● **What you should do**
Scan the lines below for the string "which". Reply with how many match, and no other words.
※ ※ ※
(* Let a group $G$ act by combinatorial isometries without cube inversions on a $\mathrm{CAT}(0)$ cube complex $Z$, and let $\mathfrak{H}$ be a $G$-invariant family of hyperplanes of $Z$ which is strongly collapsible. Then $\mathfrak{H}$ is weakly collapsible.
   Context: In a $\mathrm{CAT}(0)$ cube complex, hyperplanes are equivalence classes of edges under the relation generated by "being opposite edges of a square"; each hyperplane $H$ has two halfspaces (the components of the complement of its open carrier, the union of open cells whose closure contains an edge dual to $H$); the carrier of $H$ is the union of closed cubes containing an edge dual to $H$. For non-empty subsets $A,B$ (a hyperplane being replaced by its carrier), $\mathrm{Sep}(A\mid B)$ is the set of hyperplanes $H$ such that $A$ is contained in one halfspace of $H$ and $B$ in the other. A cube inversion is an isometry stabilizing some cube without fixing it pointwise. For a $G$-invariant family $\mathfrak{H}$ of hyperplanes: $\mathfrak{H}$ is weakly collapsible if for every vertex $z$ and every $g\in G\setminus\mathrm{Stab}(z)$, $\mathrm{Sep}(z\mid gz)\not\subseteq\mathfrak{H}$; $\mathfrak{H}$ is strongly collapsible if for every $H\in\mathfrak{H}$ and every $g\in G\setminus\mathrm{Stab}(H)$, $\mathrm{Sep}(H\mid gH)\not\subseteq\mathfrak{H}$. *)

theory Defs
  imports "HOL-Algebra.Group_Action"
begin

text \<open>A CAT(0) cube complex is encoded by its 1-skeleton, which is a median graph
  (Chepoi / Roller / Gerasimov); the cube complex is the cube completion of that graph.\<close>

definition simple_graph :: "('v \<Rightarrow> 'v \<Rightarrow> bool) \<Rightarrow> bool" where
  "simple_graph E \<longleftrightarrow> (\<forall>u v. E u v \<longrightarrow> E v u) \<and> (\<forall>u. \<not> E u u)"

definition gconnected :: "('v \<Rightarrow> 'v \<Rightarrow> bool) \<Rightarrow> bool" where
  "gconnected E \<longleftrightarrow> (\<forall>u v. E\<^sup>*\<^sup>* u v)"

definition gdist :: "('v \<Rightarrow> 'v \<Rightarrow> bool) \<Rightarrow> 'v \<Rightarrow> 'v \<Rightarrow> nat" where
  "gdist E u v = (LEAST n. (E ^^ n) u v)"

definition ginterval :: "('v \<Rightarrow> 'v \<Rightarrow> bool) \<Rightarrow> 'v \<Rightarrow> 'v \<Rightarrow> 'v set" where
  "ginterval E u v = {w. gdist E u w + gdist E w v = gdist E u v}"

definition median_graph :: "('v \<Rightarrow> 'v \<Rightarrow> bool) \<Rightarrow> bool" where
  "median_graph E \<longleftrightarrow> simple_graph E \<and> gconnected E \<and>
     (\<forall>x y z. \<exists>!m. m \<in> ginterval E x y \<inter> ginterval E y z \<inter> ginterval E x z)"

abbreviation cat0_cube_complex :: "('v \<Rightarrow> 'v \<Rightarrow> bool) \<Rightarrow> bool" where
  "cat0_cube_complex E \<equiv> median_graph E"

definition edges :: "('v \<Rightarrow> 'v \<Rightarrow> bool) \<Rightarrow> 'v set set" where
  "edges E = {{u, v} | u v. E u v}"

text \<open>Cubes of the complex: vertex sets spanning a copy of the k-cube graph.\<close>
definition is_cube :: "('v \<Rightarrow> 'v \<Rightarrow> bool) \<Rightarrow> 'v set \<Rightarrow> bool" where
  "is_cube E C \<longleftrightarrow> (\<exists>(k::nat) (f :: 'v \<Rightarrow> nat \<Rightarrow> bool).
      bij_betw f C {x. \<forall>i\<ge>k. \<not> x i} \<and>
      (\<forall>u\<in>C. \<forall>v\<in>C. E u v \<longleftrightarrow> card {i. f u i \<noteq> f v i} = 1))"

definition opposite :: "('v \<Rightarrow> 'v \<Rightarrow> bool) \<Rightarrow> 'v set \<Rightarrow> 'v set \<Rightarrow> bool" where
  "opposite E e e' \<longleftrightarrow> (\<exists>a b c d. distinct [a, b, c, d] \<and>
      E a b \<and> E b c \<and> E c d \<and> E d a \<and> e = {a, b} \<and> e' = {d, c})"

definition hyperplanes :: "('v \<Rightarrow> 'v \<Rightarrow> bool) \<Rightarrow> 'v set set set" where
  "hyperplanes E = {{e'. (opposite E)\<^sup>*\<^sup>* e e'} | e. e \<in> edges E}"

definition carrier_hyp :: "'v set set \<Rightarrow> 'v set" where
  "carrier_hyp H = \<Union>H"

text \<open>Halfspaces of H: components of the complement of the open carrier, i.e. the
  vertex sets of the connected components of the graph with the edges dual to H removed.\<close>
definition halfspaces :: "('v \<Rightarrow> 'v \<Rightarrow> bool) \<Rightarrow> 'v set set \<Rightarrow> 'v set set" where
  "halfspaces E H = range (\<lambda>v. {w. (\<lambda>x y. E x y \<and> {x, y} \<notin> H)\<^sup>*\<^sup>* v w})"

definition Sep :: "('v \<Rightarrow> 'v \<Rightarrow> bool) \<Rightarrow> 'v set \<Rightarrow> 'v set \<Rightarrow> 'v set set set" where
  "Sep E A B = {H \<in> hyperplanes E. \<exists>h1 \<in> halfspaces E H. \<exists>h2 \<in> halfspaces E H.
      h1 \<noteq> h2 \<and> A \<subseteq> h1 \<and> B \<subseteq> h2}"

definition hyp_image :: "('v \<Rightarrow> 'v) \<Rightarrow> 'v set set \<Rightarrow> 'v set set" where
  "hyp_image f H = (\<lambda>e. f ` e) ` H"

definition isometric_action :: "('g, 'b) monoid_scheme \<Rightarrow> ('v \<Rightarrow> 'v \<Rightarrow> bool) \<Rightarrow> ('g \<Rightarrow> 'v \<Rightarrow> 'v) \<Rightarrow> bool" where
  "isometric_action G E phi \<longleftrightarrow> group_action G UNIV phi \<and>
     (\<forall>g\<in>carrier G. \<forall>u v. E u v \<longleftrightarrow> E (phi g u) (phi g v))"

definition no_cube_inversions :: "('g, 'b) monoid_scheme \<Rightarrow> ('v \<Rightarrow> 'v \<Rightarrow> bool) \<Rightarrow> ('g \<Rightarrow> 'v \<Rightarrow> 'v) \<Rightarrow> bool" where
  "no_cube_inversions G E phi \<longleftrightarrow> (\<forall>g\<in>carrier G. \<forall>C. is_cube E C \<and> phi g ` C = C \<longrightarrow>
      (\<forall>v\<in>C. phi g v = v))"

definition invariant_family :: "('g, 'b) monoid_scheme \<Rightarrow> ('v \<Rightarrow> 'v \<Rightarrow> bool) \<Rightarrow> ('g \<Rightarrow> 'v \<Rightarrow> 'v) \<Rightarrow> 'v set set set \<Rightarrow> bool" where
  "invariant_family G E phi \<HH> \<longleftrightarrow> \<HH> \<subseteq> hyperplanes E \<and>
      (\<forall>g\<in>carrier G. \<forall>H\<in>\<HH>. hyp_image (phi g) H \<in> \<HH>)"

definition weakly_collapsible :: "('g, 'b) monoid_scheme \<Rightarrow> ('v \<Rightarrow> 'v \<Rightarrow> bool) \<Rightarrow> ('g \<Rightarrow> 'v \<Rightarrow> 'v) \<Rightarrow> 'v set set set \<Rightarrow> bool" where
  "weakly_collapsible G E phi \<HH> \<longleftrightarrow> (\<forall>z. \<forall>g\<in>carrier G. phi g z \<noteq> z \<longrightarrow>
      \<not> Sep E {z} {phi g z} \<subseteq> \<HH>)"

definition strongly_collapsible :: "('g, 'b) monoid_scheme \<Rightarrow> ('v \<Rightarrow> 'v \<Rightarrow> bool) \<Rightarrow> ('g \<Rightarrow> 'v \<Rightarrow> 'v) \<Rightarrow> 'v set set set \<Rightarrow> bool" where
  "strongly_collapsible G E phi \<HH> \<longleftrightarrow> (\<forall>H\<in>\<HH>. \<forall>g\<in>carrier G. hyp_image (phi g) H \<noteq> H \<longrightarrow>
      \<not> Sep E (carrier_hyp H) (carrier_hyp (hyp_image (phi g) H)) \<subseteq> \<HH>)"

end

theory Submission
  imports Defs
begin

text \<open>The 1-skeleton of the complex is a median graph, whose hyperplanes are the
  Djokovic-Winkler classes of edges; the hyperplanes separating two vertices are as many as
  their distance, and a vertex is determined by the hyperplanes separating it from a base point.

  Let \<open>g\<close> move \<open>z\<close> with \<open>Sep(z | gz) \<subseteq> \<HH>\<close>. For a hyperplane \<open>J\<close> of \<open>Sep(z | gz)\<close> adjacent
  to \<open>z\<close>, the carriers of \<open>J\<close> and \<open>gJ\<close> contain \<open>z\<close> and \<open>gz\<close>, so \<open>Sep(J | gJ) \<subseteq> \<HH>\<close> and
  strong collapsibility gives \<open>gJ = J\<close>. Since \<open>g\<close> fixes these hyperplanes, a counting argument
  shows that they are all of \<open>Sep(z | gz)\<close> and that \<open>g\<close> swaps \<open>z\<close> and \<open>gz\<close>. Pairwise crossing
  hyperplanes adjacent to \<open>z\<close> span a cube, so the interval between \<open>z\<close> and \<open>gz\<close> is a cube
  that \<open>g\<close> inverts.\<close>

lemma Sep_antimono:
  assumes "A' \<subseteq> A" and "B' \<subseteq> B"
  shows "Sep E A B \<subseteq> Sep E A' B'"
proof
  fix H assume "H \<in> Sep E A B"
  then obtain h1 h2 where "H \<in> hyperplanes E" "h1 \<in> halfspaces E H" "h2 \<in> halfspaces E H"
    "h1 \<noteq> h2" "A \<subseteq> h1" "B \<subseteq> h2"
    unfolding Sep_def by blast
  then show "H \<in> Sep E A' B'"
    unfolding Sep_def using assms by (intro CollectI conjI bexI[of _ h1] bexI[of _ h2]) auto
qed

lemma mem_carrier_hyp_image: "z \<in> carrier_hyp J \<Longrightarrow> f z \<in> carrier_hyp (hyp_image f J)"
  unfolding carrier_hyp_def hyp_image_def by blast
※ ※ ※
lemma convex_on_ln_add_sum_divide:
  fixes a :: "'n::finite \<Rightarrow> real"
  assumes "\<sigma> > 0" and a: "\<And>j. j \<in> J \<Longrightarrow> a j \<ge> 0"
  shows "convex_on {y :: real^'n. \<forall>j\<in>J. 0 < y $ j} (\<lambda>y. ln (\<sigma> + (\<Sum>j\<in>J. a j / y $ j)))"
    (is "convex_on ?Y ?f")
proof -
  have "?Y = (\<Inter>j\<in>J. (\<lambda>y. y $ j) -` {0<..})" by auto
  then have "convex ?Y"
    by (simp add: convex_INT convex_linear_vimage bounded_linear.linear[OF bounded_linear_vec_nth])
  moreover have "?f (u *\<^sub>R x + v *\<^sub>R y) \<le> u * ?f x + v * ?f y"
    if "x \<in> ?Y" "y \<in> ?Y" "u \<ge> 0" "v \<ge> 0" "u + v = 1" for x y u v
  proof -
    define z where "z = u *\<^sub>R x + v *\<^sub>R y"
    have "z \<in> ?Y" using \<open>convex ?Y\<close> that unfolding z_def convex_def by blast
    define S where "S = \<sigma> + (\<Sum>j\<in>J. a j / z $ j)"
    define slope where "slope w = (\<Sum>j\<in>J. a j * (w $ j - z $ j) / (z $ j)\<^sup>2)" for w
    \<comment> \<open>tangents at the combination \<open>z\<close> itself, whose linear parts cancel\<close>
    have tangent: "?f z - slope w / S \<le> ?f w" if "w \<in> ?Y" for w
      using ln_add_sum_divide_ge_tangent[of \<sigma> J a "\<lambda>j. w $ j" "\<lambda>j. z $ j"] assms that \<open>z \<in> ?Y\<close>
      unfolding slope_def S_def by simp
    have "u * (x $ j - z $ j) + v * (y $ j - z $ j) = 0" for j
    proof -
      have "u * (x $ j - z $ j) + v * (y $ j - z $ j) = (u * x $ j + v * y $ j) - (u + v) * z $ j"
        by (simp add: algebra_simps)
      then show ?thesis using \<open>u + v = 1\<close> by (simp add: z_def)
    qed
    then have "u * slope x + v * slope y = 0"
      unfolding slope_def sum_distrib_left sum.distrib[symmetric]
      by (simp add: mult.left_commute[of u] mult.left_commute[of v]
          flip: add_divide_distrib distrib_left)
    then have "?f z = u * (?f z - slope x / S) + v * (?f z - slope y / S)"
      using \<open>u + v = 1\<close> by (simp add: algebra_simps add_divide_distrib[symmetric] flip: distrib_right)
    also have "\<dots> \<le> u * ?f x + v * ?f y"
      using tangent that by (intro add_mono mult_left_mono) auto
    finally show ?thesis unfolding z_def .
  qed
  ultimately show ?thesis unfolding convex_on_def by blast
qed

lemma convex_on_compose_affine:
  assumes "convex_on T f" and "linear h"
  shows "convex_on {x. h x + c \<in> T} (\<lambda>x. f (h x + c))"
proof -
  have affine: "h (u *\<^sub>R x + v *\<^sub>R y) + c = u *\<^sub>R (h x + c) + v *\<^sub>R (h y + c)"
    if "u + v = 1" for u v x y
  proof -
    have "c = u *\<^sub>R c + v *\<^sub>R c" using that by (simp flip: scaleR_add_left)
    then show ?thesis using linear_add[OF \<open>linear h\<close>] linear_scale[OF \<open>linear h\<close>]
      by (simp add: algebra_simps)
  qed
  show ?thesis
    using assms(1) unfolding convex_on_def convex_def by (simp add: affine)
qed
※ ※ ※
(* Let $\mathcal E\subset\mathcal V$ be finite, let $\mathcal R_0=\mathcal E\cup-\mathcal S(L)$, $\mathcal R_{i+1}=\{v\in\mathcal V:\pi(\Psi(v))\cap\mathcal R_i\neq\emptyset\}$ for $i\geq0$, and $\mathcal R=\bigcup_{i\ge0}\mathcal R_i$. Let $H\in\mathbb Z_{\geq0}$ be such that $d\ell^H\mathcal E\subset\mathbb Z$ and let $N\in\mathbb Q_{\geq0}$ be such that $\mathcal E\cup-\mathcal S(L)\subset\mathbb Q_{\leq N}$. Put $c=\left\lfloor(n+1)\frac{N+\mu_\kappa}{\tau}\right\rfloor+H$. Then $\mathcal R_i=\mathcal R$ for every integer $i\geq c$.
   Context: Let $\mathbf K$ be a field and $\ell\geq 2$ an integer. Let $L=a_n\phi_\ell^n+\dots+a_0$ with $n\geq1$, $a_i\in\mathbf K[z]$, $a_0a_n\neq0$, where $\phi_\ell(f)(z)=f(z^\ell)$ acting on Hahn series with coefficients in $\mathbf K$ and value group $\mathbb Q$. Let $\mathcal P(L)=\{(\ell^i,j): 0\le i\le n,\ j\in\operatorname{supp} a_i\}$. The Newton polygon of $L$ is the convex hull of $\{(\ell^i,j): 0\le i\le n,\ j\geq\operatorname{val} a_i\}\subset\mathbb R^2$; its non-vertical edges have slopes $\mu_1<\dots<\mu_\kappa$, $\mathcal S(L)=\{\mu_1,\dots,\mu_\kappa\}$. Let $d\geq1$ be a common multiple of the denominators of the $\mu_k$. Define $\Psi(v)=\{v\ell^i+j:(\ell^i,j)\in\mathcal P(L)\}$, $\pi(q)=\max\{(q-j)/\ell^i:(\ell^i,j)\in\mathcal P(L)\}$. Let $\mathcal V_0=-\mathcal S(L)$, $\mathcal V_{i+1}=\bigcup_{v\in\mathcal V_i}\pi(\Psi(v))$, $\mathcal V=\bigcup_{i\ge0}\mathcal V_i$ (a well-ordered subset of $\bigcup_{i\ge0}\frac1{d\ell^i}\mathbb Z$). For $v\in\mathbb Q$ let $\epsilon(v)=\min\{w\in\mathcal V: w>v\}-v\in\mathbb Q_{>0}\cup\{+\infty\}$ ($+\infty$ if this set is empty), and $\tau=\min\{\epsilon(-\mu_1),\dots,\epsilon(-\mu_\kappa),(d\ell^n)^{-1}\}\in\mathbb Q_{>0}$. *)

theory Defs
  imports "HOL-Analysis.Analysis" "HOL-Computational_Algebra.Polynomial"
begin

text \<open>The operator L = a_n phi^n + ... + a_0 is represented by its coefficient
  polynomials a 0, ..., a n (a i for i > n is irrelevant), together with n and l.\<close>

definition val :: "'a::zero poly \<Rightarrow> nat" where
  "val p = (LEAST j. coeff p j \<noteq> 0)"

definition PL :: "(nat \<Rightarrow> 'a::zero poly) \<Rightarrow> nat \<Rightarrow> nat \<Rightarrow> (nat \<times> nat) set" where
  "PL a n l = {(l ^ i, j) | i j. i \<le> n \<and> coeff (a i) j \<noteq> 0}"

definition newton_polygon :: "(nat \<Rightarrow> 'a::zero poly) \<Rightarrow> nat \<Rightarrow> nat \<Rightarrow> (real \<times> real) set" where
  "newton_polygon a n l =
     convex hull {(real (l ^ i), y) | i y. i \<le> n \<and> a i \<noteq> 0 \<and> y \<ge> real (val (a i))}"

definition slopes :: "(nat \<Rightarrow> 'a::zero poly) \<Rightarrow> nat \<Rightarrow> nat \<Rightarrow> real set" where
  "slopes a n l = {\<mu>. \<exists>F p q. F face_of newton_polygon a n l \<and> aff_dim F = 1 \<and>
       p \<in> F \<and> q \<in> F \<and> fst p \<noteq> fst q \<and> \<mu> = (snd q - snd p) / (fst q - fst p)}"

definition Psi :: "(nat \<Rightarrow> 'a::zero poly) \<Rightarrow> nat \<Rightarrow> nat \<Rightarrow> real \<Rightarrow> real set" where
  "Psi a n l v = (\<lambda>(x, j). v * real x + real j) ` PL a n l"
※ ※ ※
● **Answer to the exercise**
2